Exercise:
Every line below that holds the string "proof" should be copied.

[[ Task material, beginning ]]

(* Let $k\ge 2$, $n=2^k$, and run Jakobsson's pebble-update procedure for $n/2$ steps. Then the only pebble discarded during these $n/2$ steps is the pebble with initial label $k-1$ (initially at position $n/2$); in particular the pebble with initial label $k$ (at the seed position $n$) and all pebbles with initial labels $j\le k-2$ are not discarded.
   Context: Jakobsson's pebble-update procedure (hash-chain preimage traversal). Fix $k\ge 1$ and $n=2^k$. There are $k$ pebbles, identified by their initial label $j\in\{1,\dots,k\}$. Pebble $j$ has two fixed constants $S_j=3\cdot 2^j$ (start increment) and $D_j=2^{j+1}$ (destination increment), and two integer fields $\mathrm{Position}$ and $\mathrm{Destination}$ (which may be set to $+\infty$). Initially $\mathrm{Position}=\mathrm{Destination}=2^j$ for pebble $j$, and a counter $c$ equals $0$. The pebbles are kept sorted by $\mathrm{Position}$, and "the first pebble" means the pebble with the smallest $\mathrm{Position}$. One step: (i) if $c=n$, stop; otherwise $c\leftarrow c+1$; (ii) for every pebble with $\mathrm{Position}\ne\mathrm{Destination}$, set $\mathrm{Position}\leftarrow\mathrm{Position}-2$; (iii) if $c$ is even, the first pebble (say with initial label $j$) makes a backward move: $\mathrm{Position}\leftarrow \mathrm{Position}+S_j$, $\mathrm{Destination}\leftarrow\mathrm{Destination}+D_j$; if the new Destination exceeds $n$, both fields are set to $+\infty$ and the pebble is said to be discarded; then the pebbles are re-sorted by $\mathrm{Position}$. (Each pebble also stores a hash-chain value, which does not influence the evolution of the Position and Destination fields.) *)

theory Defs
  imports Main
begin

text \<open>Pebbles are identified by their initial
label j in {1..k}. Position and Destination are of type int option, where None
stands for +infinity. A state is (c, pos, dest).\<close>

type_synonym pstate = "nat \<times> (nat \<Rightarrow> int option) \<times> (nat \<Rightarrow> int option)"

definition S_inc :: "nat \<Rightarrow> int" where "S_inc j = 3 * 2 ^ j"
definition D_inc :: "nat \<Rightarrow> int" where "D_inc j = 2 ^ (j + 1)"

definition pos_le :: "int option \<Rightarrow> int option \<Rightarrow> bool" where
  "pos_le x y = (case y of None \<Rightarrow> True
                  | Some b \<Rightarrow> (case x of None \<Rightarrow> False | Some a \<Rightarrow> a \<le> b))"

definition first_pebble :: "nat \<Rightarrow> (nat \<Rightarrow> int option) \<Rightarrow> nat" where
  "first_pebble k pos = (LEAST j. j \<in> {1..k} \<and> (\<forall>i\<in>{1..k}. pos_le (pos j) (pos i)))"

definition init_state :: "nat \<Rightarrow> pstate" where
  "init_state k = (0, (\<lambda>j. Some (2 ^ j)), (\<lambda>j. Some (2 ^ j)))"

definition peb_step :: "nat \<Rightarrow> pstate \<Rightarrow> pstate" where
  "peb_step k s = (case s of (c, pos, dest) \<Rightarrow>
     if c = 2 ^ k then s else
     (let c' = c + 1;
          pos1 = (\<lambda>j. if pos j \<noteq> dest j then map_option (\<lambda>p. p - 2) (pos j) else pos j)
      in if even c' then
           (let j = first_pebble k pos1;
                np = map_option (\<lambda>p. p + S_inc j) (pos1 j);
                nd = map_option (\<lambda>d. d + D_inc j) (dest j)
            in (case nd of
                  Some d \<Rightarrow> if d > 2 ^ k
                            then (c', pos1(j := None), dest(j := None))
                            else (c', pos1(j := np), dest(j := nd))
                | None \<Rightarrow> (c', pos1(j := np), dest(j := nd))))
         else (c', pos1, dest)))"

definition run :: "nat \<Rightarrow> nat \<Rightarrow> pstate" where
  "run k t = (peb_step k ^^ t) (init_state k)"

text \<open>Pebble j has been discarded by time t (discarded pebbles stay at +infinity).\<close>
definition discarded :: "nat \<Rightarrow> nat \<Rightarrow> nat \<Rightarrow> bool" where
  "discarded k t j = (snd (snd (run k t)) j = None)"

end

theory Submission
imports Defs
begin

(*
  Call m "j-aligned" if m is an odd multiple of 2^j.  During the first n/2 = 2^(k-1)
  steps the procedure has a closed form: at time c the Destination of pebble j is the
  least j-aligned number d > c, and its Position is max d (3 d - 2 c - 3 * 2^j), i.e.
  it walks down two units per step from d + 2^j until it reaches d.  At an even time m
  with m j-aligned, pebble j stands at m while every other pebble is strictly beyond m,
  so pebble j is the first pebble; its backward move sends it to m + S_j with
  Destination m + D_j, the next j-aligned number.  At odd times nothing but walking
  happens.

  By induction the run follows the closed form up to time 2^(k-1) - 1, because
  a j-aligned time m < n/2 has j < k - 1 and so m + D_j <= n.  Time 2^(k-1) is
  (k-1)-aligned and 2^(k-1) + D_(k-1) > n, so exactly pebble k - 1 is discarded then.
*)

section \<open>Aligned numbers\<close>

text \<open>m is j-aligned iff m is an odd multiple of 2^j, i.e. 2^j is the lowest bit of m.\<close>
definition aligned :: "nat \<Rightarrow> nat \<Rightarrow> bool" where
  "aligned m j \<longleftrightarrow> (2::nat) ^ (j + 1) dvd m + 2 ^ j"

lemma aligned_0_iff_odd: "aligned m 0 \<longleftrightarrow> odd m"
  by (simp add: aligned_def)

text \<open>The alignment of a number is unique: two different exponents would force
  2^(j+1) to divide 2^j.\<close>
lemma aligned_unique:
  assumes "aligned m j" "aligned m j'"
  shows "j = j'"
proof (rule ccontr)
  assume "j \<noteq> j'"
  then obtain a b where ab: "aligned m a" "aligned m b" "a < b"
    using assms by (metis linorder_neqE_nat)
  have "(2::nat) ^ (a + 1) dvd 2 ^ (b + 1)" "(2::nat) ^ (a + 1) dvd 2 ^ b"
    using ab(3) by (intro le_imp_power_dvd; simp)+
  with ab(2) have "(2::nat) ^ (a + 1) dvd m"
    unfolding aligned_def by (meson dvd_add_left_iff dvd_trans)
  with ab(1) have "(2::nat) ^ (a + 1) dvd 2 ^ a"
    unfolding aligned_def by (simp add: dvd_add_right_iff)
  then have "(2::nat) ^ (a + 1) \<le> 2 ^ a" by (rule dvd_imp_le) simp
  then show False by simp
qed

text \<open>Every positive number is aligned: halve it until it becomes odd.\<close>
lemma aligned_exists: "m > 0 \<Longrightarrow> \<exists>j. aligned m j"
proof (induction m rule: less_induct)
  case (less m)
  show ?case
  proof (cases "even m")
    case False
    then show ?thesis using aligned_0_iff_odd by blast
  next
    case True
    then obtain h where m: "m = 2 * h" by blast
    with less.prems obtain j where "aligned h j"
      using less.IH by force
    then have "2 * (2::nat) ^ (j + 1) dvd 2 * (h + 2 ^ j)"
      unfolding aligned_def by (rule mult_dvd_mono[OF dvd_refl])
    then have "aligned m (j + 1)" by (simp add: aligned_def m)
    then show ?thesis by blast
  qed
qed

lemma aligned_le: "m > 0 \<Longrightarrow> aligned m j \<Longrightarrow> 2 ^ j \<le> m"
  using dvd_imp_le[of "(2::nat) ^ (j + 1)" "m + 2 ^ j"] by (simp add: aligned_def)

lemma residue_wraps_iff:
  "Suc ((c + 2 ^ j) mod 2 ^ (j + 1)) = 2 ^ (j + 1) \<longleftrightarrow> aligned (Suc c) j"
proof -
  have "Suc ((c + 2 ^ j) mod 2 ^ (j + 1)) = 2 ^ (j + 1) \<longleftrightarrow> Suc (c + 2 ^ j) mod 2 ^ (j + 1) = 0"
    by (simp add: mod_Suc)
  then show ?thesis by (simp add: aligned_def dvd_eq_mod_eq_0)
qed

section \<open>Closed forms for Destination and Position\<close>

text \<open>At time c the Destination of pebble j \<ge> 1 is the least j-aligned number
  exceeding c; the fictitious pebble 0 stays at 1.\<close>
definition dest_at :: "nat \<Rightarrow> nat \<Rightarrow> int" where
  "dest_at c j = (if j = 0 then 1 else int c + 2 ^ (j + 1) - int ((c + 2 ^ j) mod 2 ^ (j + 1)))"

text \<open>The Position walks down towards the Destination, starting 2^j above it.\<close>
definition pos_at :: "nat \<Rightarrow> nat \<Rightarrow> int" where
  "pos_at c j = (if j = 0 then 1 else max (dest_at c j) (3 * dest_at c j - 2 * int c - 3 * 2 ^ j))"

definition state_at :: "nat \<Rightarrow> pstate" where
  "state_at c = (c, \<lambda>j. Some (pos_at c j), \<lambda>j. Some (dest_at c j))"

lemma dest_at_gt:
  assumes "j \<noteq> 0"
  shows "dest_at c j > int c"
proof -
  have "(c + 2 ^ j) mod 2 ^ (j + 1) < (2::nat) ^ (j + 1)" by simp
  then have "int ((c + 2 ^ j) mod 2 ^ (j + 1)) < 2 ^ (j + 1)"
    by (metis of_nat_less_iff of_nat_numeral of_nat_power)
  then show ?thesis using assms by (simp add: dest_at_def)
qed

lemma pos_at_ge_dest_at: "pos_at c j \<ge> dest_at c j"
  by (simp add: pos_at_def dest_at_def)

[[ Task material, end ]]

Expected answer:
proof (rule ccontr)
proof (induction m rule: less_induct)
  proof (cases "even m")
proof -
proof -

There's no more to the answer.